### EXERCISE AIM
Look through the data below, and copy each line that carries the word "lambda".
** Opening RECORD EXTRACTS block **
(* Let $g\in\mathcal{G}_0^\infty$ be differentiable on $(0,1)$ and satisfy $\limsup_{x\to0^+}x g'(x)/g(x)<1$. Then for every $\gamma\ge0$ there exists a process $(X,\Sigma,\mu,T,\mathcal{P})$ such that $h(g,\mathcal{P})=\gamma$. Here $T$ is a measure-preserving automorphism of a probability space $(X,\Sigma,\mu)$ and $\mathcal{P}$ is a finite measurable partition.
   Context: $\mathcal{G}_0$ is the set of concave functions $g:[0,1]\to\mathbb{R}$ with $g(0)=\lim_{x\to0^+}g(x)=0$. Let $\eta(x)=-x\log x$ and $\eta(0)=0$. Define $\mathcal{G}_0^\infty=\{g\in\mathcal{G}_0:\lim_{x\to0^+}g(x)/\eta(x)=\infty\}$. For a finite measurable partition $\mathcal{P}$, let $\mathcal{P}_n=\bigvee_{i=0}^{n-1}T^{-i}\mathcal{P}$, $H(g,\mathcal{P})=\sum_{A\in\mathcal{P}}g(\mu(A))$, and $h(g,\mathcal{P})=\limsup_{n\to\infty}\frac1nH(g,\mathcal{P}_n)$. *)

theory Defs
  imports "HOL-Probability.Probability"
begin

definition eta :: "real \<Rightarrow> real" where
  "eta x = (if x = 0 then 0 else - x * ln x)"

definition G0 :: "(real \<Rightarrow> real) set" where
  "G0 = {g. concave_on {0..1} g \<and> g 0 = 0 \<and> (g \<longlongrightarrow> 0) (at_right 0)}"

definition G0_inf :: "(real \<Rightarrow> real) set" where
  "G0_inf = {g \<in> G0. filterlim (\<lambda>x. g x / eta x) at_top (at_right 0)}"

definition measure_preserving_map :: "'a measure \<Rightarrow> ('a \<Rightarrow> 'a) \<Rightarrow> bool" where
  "measure_preserving_map M T \<longleftrightarrow>
     T \<in> M \<rightarrow>\<^sub>M M \<and> (\<forall>A \<in> sets M. measure M (T -` A \<inter> space M) = measure M A)"

definition mp_automorphism :: "'a measure \<Rightarrow> ('a \<Rightarrow> 'a) \<Rightarrow> bool" where
  "mp_automorphism M T \<longleftrightarrow>
     bij_betw T (space M) (space M) \<and> measure_preserving_map M T \<and>
     measure_preserving_map M (the_inv_into (space M) T)"

definition finite_meas_partition :: "'a measure \<Rightarrow> 'a set set \<Rightarrow> bool" where
  "finite_meas_partition M P \<longleftrightarrow>
     finite P \<and> P \<subseteq> sets M \<and> disjoint P \<and> \<Union>P = space M"

definition iter_join :: "'a measure \<Rightarrow> ('a \<Rightarrow> 'a) \<Rightarrow> 'a set set \<Rightarrow> nat \<Rightarrow> 'a set set" where
  "iter_join M T P n =
     {(\<Inter>i<n. (T ^^ i) -` (A i)) \<inter> space M | A. \<forall>i<n. A i \<in> P}"

definition H_g :: "(real \<Rightarrow> real) \<Rightarrow> 'a measure \<Rightarrow> 'a set set \<Rightarrow> real" where
  "H_g g M P = (\<Sum>A\<in>P. g (measure M A))"

definition h_g :: "(real \<Rightarrow> real) \<Rightarrow> 'a measure \<Rightarrow> ('a \<Rightarrow> 'a) \<Rightarrow> 'a set set \<Rightarrow> ereal" where
  "h_g g M T P = limsup (\<lambda>n. ereal (H_g g M (iter_join M T P n) / real n))"

end

theory Submission
  imports Defs "HOL-Probability.Product_PMF"
begin

text \<open>The process is the two-sided shift on binary sequences with the partition according to the
  zeroth coordinate, and the invariant measure is a mixture of the uniform measures on the points
  of periods m_0 < m_1 < ... with weights q_k. A cylinder of length t receives mass W / 2^t from
  the periods m_k \<ge> t, W being their total weight, while each shorter period contributes at most
  2^m_k atoms. Hence H(g, P_t) is 2^t g(W / 2^t) up to the entropy of the short periods.

  The periods and weights are chosen inductively. Since g / \<eta> \<rightarrow> \<infinity>, the quantity 2^N g(W / 2^N)
  eventually exceeds \<gamma> N, so by continuity the tail weight can be lowered to make it equal
  to \<gamma> N at t = m_(k+1); this gives the lower bound for the limsup. The condition on
  x g'(x) / g(x) yields g(y) \<le> 2^c g(y / 2) with c < 1 near 0, so 2^t g(W / 2^t) decays
  geometrically as t decreases from m_(k+1), and H(g, P_t) / t stays below \<gamma> + 1 / k for
  m_k < t \<le> m_(k+1) once m_(k+1) is large enough. For \<gamma> = 0 the trivial partition suffices.\<close>

section \<open>The shift and its cylinder partition\<close>

definition shift :: "(int \<Rightarrow> 'a) \<Rightarrow> int \<Rightarrow> 'a" where
  "shift \<omega> = (\<lambda>i. \<omega> (i + 1))"

lemma funpow_shift: "(shift ^^ n) \<omega> = (\<lambda>i. \<omega> (i + int n))"
  by (induction n arbitrary: \<omega>) (auto simp: shift_def algebra_simps)

lemma bij_shift: "bij shift"
  by (rule bij_betw_byWitness[where f'="\<lambda>\<omega> i. \<omega> (i - 1)"]) (auto simp: shift_def)

lemma measure_preserving_map_pmf:
  assumes "map_pmf T p = p"
  shows "measure_preserving_map (measure_pmf p) T"
  unfolding measure_preserving_map_def
proof (intro conjI ballI)
  fix A
  have "measure (measure_pmf p) (T -` A) = measure (measure_pmf (map_pmf T p)) A" by simp
  then show "measure (measure_pmf p) (T -` A \<inter> space (measure_pmf p)) = measure (measure_pmf p) A"
    using assms by simp
qed simp

lemma mp_automorphism_pmf:
  assumes "bij T" and "map_pmf T p = p"
  shows "mp_automorphism (measure_pmf p) T"
proof -
  have "the_inv_into UNIV T \<circ> T = id"
    using assms(1) by (auto simp: bij_def the_inv_into_f_f)
  then have "map_pmf (the_inv_into UNIV T) p = p"
    by (metis assms(2) pmf.map_comp pmf.map_id)
  then show ?thesis
    using assms by (simp add: mp_automorphism_def measure_preserving_map_pmf)
qed

definition cylinder :: "nat \<Rightarrow> (nat \<Rightarrow> bool) \<Rightarrow> (int \<Rightarrow> nat) set" where
  "cylinder t b = {\<omega>. \<forall>i<t. (\<omega> (int i) = 0) = b i}"

definition zero_partition :: "(int \<Rightarrow> nat) set set" where
  "zero_partition = {{\<omega>. \<omega> 0 = 0}, {\<omega>. \<omega> 0 \<noteq> 0}}"

lemma finite_meas_partition_zero_partition: "finite_meas_partition (measure_pmf p) zero_partition"
  unfolding finite_meas_partition_def zero_partition_def disjoint_def by auto

lemma cylinder_antimono: "s \<le> t \<Longrightarrow> cylinder t b \<subseteq> cylinder s b"
  unfolding cylinder_def by auto

lemma disjoint_cylinders:
  assumes "b \<in> {..<t} \<rightarrow>\<^sub>E UNIV" "b' \<in> {..<t} \<rightarrow>\<^sub>E UNIV" "b \<noteq> b'"
  shows "cylinder t b \<inter> cylinder t b' = {}"
proof -
  obtain i where "i < t" "b i \<noteq> b' i"
    using assms by (auto simp: PiE_def extensional_def fun_eq_iff)
  then show ?thesis by (auto simp: cylinder_def)
qed

lemma inj_on_cylinder: "inj_on (cylinder t) ({..<t} \<rightarrow>\<^sub>E UNIV)"
proof (rule inj_onI)
  fix b b' assume b: "b \<in> {..<t} \<rightarrow>\<^sub>E UNIV" "b' \<in> {..<t} \<rightarrow>\<^sub>E UNIV"
    and eq: "cylinder t b = cylinder t b'"
  have "(\<lambda>j. if b (nat j) then 0 else 1) \<in> cylinder t b" by (auto simp: cylinder_def)
  then show "b = b'" using disjoint_cylinders[OF b] eq by blast
qed
(* Let $k$ be a field, $A$ a commutative $k$-algebra, $k_n=k[t]/(t^{n+1})$, and $B$ a $k_n$-algebra with an isomorphism $gr\,B\simeq A\otimes_kk_n$. Let $\gamma:gr\,D(B)\to\operatorname{End}_{k_n}(gr\,B)$ be the natural homomorphism. Then (i) $\gamma$ maps $gr\,D(B)$ into $D(gr\,B)$; (ii) the map $\gamma:gr\,D(B)\to D(gr\,B)$ is injective if and only if it is surjective.
   Context: All differential operators are $k[t]$-linear. For a $k_n$-algebra $C$, $D(C)=\bigcup_mD^m(C)$, where $D^m(C)$ is the set of $d\in\operatorname{End}_{k_n}(C)$ with $[f_m,\dots,[f_1,[f_0,d]]\dots]=0$ for all $f_0,\dots,f_m\in C$ (acting by left multiplication, $[f,d]=f\circ d-d\circ f$). $gr$ denotes the associated graded for the filtration by powers of $t$: $gr\,B=\bigoplus_it^iB/t^{i+1}B$ and $gr\,D(B)=\bigoplus_it^iD(B)/t^{i+1}D(B)$. The homomorphism $\gamma$ sends the class of $d\in t^iD(B)$ to the $k_n$-endomorphism of $gr\,B$ mapping $t^jB/t^{j+1}B\to t^{i+j}B/t^{i+j+1}B$ induced by $d$ (composition of the natural map $gr\,D(B)\to gr\,\operatorname{End}_{k_n}(B)$ and the natural isomorphism $gr\,\operatorname{End}_{k_n}(B)\to\operatorname{End}_{k_n}(gr\,B)$). *)

theory Defs
  imports "HOL-Algebra.Ring" "HOL-Library.FuncSet" "HOL-Library.Function_Algebras"
begin

definition k_algebra_str :: "('k::field \<Rightarrow> 'b::ring_1) \<Rightarrow> bool" where
  "k_algebra_str \<iota> \<longleftrightarrow> \<iota> 0 = 0 \<and> \<iota> 1 = 1 \<and> (\<forall>a b. \<iota> (a + b) = \<iota> a + \<iota> b)
     \<and> (\<forall>a b. \<iota> (a * b) = \<iota> a * \<iota> b) \<and> (\<forall>c x. \<iota> c * x = x * \<iota> c)"

text \<open>A k_n-algebra structure: a ring homomorphism k[t]/(t^(n+1)) into the centre,
  i.e. a k-algebra structure together with the image t of the variable, which is
  central and satisfies t^(n+1) = 0.\<close>
definition kn_algebra_str :: "('k::field \<Rightarrow> 'b::ring_1) \<Rightarrow> 'b \<Rightarrow> nat \<Rightarrow> bool" where
  "kn_algebra_str \<iota> t n \<longleftrightarrow> k_algebra_str \<iota> \<and> (\<forall>x. t * x = x * t) \<and> t ^ Suc n = 0"

definition type_ring :: "'b::ring_1 ring" where
  "type_ring = \<lparr>carrier = UNIV, mult = (*), one = 1, zero = 0, add = (+)\<rparr>"

definition End_kn :: "('c, 'm) ring_scheme \<Rightarrow> ('k \<Rightarrow> 'c) \<Rightarrow> 'c \<Rightarrow> ('c \<Rightarrow> 'c) set" where
  "End_kn R \<iota> \<tau> = {d. d \<in> carrier R \<rightarrow> carrier R \<and> d \<in> extensional (carrier R)
     \<and> (\<forall>x\<in>carrier R. \<forall>y\<in>carrier R. d (x \<oplus>\<^bsub>R\<^esub> y) = d x \<oplus>\<^bsub>R\<^esub> d y)
     \<and> (\<forall>c. \<forall>x\<in>carrier R. d (\<iota> c \<otimes>\<^bsub>R\<^esub> x) = \<iota> c \<otimes>\<^bsub>R\<^esub> d x)
     \<and> (\<forall>x\<in>carrier R. d (\<tau> \<otimes>\<^bsub>R\<^esub> x) = \<tau> \<otimes>\<^bsub>R\<^esub> d x)}"

definition lie_comm :: "('c, 'm) ring_scheme \<Rightarrow> 'c \<Rightarrow> ('c \<Rightarrow> 'c) \<Rightarrow> ('c \<Rightarrow> 'c)" where
  "lie_comm R f d = (\<lambda>x\<in>carrier R. (f \<otimes>\<^bsub>R\<^esub> d x) \<ominus>\<^bsub>R\<^esub> d (f \<otimes>\<^bsub>R\<^esub> x))"

definition iter_comm :: "('c, 'm) ring_scheme \<Rightarrow> 'c list \<Rightarrow> ('c \<Rightarrow> 'c) \<Rightarrow> ('c \<Rightarrow> 'c)" where
  "iter_comm R fs d = foldr (lie_comm R) fs d"

definition diff_ops_order :: "('c, 'm) ring_scheme \<Rightarrow> ('k \<Rightarrow> 'c) \<Rightarrow> 'c \<Rightarrow> nat \<Rightarrow> ('c \<Rightarrow> 'c) set" where
  "diff_ops_order R \<iota> \<tau> m = {d \<in> End_kn R \<iota> \<tau>. \<forall>fs. set fs \<subseteq> carrier R \<longrightarrow> length fs = Suc m
      \<longrightarrow> iter_comm R fs d = (\<lambda>x\<in>carrier R. \<zero>\<^bsub>R\<^esub>)}"

definition diff_ops :: "('c, 'm) ring_scheme \<Rightarrow> ('k \<Rightarrow> 'c) \<Rightarrow> 'c \<Rightarrow> ('c \<Rightarrow> 'c) set" where
  "diff_ops R \<iota> \<tau> = (\<Union>m. diff_ops_order R \<iota> \<tau> m)"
** Closing RECORD EXTRACTS block **
### SOLUTION TO THIS PROBLEM
  "G0_inf = {g \<in> G0. filterlim (\<lambda>x. g x / eta x) at_top (at_right 0)}"
  "h_g g M T P = limsup (\<lambda>n. ereal (H_g g M (iter_join M T P n) / real n))"
  "shift \<omega> = (\<lambda>i. \<omega> (i + 1))"
lemma funpow_shift: "(shift ^^ n) \<omega> = (\<lambda>i. \<omega> (i + int n))"
  by (rule bij_betw_byWitness[where f'="\<lambda>\<omega> i. \<omega> (i - 1)"]) (auto simp: shift_def)
  have "(\<lambda>j. if b (nat j) then 0 else 1) \<in> cylinder t b" by (auto simp: cylinder_def)
  "lie_comm R f d = (\<lambda>x\<in>carrier R. (f \<otimes>\<^bsub>R\<^esub> d x) \<ominus>\<^bsub>R\<^esub> d (f \<otimes>\<^bsub>R\<^esub> x))"
      \<longrightarrow> iter_comm R fs d = (\<lambda>x\<in>carrier R. \<zero>\<^bsub>R\<^esub>)}"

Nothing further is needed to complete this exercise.